_What is required_:
When you reach the line containing "d ((\<lambda>(a, b)." in the entries below, begin reproducing lines exactly, and stop once the line containing "then obtain l" is done.

_Input data_:
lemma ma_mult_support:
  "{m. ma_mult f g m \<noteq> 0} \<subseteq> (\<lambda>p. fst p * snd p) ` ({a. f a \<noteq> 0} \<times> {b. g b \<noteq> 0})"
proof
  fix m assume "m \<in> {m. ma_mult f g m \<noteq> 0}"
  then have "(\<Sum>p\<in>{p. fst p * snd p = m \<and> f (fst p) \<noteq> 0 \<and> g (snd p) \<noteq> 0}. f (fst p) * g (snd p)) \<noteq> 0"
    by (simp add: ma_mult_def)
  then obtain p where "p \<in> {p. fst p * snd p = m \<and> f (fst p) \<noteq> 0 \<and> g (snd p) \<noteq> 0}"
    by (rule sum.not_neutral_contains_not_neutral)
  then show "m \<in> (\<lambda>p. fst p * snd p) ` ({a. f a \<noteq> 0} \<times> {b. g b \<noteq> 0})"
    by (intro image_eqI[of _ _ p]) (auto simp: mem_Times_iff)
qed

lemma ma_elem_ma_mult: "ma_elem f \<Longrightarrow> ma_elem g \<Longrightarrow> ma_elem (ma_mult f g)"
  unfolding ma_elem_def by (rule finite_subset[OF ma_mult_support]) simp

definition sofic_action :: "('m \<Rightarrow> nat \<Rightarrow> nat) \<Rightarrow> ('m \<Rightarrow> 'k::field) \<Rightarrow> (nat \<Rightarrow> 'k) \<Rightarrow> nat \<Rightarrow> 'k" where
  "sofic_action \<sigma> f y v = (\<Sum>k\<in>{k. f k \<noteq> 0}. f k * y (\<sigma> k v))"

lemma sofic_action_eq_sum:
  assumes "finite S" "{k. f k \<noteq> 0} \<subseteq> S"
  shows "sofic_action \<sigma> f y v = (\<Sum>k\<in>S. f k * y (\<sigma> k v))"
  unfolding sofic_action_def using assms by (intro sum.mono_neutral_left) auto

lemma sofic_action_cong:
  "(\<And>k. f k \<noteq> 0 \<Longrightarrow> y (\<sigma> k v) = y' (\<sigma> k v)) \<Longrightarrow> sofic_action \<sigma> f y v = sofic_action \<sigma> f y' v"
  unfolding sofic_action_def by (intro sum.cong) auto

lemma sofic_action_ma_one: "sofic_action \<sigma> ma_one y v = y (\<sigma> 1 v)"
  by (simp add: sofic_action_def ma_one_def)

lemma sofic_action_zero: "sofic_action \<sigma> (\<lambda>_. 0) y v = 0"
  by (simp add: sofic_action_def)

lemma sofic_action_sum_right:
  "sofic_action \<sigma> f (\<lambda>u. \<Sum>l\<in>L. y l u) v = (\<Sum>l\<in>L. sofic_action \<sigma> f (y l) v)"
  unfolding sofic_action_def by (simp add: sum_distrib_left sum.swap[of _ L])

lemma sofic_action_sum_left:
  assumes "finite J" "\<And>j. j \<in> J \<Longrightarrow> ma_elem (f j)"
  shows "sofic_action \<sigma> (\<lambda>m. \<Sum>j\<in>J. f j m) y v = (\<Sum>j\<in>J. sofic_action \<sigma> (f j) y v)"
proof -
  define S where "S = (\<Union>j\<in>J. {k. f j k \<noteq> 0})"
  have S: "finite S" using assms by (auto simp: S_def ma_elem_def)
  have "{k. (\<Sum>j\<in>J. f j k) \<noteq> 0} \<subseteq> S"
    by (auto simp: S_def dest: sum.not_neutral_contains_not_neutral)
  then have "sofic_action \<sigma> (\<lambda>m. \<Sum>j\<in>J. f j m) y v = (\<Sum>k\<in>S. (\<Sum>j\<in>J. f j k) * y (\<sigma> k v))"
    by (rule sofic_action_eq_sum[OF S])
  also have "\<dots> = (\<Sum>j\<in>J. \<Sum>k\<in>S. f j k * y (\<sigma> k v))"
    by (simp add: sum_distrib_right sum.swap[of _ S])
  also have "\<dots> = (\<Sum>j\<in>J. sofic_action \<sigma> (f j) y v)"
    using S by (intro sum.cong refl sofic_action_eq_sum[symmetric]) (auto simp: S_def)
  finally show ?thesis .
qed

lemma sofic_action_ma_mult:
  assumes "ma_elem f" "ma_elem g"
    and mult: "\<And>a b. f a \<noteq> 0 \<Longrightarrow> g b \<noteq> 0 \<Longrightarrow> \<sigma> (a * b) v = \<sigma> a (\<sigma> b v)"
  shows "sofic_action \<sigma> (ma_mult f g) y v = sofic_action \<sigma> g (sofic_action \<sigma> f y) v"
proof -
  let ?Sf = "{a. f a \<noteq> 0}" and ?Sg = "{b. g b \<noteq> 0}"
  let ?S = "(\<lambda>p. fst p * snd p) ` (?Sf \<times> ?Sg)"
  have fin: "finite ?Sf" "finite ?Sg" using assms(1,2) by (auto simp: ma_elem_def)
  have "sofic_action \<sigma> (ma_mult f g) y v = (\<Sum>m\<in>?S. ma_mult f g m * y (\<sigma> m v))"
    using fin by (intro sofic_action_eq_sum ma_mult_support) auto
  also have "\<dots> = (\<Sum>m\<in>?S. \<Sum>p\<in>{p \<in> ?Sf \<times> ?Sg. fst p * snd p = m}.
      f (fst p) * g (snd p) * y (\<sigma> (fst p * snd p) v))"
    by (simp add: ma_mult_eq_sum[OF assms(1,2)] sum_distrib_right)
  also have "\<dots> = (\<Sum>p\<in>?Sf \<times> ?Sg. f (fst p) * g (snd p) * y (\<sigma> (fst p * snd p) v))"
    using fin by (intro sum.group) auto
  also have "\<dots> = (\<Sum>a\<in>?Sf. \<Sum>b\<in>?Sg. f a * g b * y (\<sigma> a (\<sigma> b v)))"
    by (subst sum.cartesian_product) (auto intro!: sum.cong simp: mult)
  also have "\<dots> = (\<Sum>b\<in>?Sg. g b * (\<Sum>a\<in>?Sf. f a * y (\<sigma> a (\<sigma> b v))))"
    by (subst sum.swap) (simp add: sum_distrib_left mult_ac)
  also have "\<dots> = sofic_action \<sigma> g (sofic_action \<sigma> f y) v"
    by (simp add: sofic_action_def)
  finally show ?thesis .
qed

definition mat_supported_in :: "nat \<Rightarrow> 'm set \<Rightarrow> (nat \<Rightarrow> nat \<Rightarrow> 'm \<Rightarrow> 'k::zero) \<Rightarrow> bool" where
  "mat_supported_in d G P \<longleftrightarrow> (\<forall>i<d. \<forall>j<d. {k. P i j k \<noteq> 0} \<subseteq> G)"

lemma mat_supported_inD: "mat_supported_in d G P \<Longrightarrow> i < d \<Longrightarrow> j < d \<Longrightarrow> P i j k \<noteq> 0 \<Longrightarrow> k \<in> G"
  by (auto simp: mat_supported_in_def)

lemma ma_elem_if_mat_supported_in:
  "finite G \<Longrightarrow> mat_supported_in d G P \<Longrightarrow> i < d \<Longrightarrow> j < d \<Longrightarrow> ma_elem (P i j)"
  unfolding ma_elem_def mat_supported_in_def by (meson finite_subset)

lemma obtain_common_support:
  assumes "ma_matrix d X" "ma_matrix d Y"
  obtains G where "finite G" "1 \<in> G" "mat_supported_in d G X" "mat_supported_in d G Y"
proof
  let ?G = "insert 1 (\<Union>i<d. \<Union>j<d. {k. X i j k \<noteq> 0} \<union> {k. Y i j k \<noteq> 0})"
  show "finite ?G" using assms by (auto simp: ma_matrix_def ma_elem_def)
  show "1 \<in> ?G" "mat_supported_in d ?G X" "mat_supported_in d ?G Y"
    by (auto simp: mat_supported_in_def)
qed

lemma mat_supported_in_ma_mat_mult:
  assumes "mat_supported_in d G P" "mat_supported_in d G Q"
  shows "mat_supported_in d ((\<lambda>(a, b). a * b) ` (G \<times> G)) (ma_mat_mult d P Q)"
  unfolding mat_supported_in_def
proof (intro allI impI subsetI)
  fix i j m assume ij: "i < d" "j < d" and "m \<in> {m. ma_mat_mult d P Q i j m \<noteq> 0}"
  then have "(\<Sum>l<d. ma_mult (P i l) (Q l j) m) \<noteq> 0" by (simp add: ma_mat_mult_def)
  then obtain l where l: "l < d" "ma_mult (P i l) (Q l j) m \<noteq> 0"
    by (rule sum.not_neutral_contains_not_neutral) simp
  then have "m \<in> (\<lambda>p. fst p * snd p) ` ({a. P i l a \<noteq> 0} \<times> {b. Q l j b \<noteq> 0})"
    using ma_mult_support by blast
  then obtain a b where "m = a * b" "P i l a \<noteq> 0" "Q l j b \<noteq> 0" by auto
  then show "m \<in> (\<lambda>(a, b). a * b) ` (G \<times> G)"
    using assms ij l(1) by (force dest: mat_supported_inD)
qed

---

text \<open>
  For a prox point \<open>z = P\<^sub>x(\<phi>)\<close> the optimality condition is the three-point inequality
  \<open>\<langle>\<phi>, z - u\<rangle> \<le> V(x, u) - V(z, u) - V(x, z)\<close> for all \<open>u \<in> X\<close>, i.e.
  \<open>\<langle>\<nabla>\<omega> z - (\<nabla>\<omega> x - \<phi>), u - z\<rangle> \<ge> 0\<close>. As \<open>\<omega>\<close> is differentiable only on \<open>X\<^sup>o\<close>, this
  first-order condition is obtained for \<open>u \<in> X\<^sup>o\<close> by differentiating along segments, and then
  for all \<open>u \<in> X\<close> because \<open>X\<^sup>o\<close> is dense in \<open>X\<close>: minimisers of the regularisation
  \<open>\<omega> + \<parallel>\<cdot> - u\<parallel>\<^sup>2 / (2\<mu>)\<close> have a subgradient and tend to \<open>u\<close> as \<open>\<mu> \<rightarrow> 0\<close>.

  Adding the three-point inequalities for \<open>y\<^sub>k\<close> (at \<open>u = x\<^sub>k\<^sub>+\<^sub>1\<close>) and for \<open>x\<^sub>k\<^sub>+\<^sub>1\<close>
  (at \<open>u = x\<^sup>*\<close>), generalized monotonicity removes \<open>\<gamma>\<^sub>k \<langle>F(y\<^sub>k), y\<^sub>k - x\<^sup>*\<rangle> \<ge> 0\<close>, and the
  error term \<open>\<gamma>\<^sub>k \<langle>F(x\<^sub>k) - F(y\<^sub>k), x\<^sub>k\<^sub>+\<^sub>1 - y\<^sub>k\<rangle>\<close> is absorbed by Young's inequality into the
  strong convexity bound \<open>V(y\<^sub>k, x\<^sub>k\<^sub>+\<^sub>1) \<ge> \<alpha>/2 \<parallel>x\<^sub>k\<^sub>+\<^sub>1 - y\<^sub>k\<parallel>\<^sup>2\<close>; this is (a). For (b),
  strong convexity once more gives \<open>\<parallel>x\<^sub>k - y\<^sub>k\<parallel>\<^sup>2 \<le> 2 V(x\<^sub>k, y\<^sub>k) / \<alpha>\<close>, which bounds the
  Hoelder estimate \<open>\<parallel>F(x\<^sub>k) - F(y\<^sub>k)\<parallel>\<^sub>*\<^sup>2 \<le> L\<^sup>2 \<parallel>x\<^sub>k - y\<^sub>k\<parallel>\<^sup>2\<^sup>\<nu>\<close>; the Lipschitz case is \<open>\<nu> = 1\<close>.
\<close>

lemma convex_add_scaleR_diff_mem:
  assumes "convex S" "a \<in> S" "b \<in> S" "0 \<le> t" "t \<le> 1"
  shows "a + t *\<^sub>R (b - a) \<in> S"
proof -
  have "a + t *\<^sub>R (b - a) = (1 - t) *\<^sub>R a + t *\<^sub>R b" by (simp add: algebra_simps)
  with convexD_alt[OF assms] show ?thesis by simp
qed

_Your response_:
  shows "mat_supported_in d ((\<lambda>(a, b). a * b) ` (G \<times> G)) (ma_mat_mult d P Q)"
  unfolding mat_supported_in_def
proof (intro allI impI subsetI)
  fix i j m assume ij: "i < d" "j < d" and "m \<in> {m. ma_mat_mult d P Q i j m \<noteq> 0}"
  then have "(\<Sum>l<d. ma_mult (P i l) (Q l j) m) \<noteq> 0" by (simp add: ma_mat_mult_def)
  then obtain l where l: "l < d" "ma_mult (P i l) (Q l j) m \<noteq> 0"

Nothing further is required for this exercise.